Material for this task below:

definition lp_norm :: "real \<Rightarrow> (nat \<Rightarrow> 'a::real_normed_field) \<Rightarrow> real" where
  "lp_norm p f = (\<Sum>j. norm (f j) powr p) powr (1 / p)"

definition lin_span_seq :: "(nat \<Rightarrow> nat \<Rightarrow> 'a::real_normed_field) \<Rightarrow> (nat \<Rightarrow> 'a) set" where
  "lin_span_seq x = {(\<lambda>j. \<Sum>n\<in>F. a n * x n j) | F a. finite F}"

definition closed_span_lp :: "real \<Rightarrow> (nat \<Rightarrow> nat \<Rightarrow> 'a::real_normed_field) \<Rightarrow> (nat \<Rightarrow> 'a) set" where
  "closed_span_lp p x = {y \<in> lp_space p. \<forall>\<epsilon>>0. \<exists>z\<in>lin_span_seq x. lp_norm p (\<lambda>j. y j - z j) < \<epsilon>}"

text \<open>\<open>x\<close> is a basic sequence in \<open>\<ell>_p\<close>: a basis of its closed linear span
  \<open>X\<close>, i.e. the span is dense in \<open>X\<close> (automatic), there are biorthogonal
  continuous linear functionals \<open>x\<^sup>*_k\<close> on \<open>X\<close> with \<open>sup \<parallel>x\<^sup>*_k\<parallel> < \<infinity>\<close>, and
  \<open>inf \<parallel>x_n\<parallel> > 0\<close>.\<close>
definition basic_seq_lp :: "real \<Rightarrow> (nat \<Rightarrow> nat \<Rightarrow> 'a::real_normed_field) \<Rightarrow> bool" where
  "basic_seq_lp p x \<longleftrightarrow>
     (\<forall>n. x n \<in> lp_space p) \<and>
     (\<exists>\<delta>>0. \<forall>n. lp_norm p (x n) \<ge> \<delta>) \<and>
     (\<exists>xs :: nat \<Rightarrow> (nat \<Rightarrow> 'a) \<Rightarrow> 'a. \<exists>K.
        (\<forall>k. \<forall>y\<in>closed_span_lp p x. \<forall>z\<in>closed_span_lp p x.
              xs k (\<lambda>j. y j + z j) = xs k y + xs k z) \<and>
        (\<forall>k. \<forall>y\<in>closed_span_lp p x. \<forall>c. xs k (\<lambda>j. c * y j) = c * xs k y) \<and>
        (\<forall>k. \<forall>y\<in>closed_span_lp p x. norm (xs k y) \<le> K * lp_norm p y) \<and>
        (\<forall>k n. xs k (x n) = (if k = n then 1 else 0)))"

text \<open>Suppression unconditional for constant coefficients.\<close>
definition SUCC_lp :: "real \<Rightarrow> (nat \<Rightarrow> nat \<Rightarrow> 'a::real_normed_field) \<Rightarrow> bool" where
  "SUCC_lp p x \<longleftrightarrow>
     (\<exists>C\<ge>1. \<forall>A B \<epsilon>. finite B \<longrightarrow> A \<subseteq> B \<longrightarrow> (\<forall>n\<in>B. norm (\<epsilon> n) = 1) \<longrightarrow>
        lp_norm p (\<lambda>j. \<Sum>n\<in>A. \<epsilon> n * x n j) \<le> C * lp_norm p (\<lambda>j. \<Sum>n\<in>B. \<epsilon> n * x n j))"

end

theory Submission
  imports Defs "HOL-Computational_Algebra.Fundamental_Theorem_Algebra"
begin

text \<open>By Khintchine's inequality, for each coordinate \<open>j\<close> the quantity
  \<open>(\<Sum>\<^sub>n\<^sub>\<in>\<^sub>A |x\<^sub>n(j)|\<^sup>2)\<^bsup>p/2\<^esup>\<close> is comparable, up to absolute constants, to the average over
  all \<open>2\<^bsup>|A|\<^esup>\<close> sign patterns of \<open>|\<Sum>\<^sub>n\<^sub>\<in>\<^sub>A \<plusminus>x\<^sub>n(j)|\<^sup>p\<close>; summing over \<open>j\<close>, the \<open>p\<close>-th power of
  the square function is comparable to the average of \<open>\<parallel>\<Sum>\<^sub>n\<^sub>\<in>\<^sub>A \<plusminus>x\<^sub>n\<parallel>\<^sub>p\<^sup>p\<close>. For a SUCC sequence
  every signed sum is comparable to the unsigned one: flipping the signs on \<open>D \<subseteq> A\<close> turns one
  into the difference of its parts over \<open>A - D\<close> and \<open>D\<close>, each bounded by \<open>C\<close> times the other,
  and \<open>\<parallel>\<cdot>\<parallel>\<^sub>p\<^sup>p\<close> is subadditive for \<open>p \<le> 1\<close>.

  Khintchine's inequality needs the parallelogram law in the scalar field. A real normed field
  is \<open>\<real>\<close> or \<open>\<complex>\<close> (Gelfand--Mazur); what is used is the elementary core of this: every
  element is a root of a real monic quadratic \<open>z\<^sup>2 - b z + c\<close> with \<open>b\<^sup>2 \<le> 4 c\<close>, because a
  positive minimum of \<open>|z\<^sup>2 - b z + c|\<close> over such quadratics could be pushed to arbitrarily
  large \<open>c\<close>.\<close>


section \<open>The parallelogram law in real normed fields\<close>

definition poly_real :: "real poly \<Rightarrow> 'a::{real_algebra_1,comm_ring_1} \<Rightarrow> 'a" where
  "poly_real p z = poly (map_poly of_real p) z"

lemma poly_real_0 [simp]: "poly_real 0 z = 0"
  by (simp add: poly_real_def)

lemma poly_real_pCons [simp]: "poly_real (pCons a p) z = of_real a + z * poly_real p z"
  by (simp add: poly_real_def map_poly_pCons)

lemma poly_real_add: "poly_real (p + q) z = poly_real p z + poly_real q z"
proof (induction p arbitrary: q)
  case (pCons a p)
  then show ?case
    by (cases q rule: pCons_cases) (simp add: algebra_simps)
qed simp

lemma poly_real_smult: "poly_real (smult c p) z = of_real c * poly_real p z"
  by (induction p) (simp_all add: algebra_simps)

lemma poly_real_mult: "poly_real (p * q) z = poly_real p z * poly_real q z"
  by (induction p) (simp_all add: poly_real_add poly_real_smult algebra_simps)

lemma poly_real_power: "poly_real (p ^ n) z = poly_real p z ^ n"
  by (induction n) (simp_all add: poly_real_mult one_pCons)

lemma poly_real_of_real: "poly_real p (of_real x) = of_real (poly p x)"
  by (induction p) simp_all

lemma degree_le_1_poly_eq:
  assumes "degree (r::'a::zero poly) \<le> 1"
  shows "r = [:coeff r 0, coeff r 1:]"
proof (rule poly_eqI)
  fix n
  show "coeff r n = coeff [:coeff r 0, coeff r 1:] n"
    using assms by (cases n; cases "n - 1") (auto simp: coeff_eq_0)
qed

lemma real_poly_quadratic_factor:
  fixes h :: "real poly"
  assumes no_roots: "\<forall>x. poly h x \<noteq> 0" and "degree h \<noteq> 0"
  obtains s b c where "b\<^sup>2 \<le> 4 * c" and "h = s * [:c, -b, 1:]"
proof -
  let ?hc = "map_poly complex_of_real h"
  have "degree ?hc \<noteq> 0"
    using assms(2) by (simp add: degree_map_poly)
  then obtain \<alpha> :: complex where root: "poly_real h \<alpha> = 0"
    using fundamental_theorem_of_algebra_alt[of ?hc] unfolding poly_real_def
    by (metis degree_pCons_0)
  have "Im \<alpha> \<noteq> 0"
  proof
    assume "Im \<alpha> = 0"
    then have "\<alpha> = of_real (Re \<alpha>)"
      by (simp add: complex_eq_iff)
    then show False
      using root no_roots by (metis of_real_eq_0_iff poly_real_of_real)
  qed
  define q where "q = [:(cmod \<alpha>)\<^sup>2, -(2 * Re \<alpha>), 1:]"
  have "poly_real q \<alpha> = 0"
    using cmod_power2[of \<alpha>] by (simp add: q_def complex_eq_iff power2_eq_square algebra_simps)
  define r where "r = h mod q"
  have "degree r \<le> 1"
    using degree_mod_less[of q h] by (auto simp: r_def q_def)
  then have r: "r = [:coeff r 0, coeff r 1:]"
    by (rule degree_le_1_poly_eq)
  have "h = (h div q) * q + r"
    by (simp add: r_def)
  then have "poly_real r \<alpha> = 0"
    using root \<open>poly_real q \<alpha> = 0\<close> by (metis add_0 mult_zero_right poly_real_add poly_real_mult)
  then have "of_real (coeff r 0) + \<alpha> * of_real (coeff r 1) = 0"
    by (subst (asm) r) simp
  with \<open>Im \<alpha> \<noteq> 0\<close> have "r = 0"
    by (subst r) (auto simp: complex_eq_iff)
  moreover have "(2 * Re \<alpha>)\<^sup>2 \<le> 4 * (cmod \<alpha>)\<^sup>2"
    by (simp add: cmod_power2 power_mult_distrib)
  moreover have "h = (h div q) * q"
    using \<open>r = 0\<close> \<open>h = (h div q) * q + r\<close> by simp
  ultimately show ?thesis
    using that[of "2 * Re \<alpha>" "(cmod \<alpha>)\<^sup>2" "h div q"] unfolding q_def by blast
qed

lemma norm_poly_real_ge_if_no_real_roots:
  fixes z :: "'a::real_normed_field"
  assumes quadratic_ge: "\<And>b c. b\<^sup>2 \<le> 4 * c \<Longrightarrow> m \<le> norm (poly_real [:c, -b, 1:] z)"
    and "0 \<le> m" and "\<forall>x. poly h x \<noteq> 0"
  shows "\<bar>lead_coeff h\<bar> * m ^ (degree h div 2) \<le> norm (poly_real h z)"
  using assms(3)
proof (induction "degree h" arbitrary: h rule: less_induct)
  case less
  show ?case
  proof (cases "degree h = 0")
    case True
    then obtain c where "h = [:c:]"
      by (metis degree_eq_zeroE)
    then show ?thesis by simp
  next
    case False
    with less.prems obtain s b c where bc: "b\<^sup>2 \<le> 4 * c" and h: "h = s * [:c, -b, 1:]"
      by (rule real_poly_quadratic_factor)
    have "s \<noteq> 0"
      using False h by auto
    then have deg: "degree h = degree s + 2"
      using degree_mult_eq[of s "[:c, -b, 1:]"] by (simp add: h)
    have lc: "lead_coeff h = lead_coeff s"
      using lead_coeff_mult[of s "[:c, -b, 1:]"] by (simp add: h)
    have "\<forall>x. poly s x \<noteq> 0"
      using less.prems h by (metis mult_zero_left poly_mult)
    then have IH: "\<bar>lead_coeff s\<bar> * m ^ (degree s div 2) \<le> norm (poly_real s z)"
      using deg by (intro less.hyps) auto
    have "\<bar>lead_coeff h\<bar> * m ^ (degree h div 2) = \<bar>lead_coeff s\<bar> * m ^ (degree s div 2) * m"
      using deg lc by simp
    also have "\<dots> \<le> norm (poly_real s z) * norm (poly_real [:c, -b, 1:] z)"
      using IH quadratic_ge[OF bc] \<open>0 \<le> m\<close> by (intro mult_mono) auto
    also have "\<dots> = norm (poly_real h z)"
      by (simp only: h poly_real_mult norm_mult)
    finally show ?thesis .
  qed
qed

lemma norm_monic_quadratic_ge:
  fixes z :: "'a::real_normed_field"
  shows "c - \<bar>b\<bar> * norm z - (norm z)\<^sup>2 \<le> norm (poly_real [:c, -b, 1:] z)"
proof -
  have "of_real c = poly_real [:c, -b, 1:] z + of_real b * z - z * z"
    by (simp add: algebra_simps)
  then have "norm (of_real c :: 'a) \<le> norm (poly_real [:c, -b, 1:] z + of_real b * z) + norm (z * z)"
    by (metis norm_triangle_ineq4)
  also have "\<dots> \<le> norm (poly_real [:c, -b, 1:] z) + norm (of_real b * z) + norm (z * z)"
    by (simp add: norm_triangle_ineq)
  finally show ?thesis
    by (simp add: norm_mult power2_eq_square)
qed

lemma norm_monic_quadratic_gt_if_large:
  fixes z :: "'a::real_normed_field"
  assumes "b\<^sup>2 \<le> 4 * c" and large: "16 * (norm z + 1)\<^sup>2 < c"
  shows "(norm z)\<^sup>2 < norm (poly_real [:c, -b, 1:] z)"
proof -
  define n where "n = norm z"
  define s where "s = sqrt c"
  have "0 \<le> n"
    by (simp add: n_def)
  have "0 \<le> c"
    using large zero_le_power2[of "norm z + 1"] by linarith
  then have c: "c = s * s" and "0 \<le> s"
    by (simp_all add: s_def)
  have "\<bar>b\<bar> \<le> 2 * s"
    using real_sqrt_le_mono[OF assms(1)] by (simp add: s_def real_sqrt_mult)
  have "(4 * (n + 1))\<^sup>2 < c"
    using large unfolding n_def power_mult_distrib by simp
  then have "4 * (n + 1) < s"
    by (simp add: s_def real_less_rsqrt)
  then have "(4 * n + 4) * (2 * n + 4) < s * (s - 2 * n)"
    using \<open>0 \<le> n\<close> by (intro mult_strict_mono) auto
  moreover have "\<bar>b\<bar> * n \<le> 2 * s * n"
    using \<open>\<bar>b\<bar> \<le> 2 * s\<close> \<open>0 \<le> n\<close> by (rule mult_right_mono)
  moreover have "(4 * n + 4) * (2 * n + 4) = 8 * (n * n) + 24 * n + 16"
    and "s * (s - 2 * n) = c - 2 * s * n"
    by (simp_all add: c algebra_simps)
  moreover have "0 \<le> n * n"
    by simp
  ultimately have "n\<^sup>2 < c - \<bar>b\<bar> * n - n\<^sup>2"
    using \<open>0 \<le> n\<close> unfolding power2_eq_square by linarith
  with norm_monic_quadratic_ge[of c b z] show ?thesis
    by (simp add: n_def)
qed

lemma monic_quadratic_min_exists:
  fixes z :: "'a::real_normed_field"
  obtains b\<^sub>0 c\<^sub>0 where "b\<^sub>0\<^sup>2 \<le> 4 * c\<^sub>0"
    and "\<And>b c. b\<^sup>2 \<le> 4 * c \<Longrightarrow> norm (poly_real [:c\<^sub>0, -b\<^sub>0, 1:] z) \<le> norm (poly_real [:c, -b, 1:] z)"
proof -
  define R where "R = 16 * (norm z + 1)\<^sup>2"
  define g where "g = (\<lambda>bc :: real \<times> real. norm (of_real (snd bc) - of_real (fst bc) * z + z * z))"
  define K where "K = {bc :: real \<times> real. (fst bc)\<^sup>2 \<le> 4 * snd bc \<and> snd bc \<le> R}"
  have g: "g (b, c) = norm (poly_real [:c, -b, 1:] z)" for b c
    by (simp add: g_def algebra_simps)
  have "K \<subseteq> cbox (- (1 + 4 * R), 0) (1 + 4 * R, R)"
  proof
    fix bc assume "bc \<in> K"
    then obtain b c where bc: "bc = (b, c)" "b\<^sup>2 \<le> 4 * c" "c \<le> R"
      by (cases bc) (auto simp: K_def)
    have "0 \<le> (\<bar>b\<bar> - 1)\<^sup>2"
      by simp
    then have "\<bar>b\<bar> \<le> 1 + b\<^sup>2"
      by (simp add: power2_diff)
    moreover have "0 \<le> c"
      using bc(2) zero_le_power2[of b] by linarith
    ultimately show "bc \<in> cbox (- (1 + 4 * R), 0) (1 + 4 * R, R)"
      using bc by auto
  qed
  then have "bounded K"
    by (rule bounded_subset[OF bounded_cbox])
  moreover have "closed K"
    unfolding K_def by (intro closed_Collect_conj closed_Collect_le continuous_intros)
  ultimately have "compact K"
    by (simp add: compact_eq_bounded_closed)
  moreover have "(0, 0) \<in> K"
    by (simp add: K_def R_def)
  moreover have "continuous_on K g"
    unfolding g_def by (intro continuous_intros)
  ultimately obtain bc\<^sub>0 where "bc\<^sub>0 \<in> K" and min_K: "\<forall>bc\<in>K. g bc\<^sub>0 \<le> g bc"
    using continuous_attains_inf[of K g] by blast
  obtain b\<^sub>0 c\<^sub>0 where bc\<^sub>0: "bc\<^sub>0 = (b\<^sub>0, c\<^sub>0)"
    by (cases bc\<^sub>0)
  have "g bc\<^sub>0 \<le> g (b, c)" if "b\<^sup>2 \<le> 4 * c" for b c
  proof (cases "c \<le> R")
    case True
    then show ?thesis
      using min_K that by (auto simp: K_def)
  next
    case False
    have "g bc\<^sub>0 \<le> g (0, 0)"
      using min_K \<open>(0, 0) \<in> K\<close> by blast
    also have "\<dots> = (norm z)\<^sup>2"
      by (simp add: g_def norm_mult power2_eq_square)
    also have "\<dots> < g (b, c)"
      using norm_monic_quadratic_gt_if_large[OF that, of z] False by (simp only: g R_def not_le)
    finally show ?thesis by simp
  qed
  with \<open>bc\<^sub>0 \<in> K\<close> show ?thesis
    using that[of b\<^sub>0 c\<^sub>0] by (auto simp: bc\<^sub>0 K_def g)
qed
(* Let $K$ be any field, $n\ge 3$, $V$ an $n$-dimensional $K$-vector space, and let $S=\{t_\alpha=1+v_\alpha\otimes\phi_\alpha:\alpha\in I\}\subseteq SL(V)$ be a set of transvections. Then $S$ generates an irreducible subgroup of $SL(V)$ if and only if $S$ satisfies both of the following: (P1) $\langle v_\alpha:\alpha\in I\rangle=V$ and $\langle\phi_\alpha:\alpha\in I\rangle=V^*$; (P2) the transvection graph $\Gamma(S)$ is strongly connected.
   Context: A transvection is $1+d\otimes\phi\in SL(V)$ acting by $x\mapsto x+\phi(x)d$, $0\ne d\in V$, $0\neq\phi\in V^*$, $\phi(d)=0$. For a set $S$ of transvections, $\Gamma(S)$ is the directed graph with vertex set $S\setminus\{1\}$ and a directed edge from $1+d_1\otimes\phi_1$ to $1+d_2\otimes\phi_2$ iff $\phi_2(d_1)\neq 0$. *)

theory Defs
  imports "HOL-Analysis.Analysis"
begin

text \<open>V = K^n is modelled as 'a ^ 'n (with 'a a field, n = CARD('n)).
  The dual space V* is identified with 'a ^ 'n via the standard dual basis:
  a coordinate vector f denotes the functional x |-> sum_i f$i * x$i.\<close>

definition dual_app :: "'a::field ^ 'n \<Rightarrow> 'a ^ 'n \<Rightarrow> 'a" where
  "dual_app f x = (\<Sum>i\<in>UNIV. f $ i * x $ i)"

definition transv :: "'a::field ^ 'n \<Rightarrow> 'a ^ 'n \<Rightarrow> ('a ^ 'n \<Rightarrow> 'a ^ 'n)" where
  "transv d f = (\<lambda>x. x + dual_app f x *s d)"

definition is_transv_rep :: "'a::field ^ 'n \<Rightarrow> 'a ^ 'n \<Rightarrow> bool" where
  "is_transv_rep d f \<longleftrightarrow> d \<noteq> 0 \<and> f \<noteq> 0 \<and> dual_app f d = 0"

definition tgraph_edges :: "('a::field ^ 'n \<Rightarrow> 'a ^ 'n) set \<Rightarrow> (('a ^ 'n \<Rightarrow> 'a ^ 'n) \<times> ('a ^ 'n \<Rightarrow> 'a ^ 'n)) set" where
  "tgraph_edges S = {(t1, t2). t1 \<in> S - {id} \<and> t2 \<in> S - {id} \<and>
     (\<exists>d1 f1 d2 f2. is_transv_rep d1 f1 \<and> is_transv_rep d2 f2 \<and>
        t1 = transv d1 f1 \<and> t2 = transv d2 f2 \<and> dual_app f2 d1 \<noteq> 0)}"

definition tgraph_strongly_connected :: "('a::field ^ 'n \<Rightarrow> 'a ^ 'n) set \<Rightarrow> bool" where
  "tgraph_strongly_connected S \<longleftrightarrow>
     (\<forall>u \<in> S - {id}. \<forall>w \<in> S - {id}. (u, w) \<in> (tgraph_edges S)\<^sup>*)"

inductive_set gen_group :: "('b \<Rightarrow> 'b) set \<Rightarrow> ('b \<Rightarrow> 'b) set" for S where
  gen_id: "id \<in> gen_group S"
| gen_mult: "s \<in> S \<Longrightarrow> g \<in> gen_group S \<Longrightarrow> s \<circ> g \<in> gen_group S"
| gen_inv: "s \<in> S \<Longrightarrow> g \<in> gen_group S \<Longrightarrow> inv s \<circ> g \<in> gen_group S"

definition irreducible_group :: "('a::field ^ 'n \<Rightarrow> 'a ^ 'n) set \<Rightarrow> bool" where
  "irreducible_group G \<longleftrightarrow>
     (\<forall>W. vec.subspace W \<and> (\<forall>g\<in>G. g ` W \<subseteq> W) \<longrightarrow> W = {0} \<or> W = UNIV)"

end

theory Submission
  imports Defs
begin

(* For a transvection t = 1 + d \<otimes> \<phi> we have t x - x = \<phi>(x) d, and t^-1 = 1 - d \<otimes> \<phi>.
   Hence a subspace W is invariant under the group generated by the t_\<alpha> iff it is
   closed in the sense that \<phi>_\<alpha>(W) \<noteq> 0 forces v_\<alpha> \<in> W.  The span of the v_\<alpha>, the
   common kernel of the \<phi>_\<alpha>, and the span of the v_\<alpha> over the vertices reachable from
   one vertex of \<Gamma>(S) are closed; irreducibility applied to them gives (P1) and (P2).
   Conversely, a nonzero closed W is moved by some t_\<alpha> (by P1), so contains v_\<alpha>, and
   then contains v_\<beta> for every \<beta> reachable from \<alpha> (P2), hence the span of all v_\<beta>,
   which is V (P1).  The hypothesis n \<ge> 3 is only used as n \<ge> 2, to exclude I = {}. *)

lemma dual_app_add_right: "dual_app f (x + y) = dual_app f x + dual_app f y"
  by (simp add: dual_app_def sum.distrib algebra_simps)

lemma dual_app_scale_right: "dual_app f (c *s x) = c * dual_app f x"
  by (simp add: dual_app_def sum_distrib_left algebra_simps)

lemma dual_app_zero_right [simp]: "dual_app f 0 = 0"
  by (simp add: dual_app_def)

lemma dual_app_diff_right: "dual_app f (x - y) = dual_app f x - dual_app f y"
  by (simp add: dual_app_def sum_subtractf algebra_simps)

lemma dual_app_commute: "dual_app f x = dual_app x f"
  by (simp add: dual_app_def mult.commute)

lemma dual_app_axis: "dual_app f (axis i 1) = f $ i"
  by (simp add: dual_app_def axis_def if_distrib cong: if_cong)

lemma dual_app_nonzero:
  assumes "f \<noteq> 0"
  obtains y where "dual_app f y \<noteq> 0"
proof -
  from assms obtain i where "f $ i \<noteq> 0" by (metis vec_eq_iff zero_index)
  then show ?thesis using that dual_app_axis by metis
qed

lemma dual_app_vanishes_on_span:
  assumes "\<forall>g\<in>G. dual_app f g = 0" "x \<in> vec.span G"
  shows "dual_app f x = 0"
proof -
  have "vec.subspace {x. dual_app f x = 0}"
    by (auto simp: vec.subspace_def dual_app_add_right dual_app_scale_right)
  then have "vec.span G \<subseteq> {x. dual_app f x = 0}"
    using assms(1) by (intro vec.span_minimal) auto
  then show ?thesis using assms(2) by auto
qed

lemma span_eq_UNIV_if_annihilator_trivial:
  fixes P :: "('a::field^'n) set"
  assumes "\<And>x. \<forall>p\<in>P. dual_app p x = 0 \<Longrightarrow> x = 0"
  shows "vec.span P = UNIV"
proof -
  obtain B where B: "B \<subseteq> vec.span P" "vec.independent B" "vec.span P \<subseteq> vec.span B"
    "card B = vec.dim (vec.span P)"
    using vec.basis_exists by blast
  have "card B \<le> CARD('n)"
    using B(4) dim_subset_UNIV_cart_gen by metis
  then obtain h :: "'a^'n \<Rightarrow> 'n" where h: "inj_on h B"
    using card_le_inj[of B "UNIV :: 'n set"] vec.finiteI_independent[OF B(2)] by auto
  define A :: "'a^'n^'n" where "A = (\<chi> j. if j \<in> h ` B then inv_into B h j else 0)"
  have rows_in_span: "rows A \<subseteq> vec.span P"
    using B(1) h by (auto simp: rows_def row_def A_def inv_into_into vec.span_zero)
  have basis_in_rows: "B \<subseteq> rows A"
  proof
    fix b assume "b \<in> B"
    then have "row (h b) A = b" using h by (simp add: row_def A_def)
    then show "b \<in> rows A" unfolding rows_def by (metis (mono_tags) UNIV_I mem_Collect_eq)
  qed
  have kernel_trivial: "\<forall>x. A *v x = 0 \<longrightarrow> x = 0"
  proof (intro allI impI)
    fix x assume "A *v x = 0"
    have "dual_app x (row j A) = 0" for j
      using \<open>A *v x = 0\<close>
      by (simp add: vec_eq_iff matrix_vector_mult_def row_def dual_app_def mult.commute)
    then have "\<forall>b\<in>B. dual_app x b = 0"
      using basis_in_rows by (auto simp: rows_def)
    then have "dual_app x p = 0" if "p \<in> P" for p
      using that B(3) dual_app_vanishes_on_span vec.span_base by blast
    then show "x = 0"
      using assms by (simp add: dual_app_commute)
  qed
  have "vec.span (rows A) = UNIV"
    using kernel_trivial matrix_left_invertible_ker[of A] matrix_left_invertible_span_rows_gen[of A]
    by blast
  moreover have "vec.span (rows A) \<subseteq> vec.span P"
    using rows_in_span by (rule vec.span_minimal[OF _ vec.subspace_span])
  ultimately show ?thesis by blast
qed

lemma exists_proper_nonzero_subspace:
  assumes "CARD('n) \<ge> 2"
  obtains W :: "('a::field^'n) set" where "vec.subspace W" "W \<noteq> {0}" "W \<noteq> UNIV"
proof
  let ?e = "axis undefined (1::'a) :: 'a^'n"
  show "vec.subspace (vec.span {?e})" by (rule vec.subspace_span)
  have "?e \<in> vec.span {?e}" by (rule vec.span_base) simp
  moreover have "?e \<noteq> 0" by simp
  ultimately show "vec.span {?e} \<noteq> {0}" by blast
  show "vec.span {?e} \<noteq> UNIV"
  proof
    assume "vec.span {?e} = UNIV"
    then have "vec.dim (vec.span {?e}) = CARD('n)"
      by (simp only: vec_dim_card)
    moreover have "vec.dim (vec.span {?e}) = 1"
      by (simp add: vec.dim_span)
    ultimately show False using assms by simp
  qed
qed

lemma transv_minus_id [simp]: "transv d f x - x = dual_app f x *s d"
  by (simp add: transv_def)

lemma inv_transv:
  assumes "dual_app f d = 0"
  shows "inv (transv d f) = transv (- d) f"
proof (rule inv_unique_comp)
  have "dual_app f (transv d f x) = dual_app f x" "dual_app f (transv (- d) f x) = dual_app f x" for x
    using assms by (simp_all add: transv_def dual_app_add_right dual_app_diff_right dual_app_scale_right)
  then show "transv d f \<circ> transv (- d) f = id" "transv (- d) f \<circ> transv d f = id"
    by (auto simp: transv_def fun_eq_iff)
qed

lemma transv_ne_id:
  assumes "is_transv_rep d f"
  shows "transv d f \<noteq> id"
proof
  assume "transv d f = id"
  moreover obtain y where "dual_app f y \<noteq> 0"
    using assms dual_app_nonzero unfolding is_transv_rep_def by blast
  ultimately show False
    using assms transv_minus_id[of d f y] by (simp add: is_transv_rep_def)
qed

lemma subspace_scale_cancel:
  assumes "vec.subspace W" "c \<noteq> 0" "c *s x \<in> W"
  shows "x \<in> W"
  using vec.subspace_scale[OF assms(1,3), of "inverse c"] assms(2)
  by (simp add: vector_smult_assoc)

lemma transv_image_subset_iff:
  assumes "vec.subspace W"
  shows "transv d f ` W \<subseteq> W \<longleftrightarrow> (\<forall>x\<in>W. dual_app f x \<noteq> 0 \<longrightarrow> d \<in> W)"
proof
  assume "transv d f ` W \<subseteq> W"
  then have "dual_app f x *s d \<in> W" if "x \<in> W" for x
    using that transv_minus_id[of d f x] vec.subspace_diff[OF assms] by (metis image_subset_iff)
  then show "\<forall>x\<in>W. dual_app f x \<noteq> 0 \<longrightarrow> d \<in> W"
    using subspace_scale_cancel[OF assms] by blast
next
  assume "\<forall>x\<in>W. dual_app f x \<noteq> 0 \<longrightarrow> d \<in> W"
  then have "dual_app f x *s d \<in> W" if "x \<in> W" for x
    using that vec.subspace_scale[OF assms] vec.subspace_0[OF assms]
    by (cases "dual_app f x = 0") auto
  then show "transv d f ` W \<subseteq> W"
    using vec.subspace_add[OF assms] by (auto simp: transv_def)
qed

End of Material for this task.

### Exercise goal
Copy range, inclusive: the line holding "by (metis degree_eq_zeroE)" to the line holding "using False h by auto". Reproduce exactly those lines of the records above and no others.

### Result of the exercise
      by (metis degree_eq_zeroE)
    then show ?thesis by simp
  next
    case False
    with less.prems obtain s b c where bc: "b\<^sup>2 \<le> 4 * c" and h: "h = s * [:c, -b, 1:]"
      by (rule real_poly_quadratic_factor)
    have "s \<noteq> 0"
      using False h by auto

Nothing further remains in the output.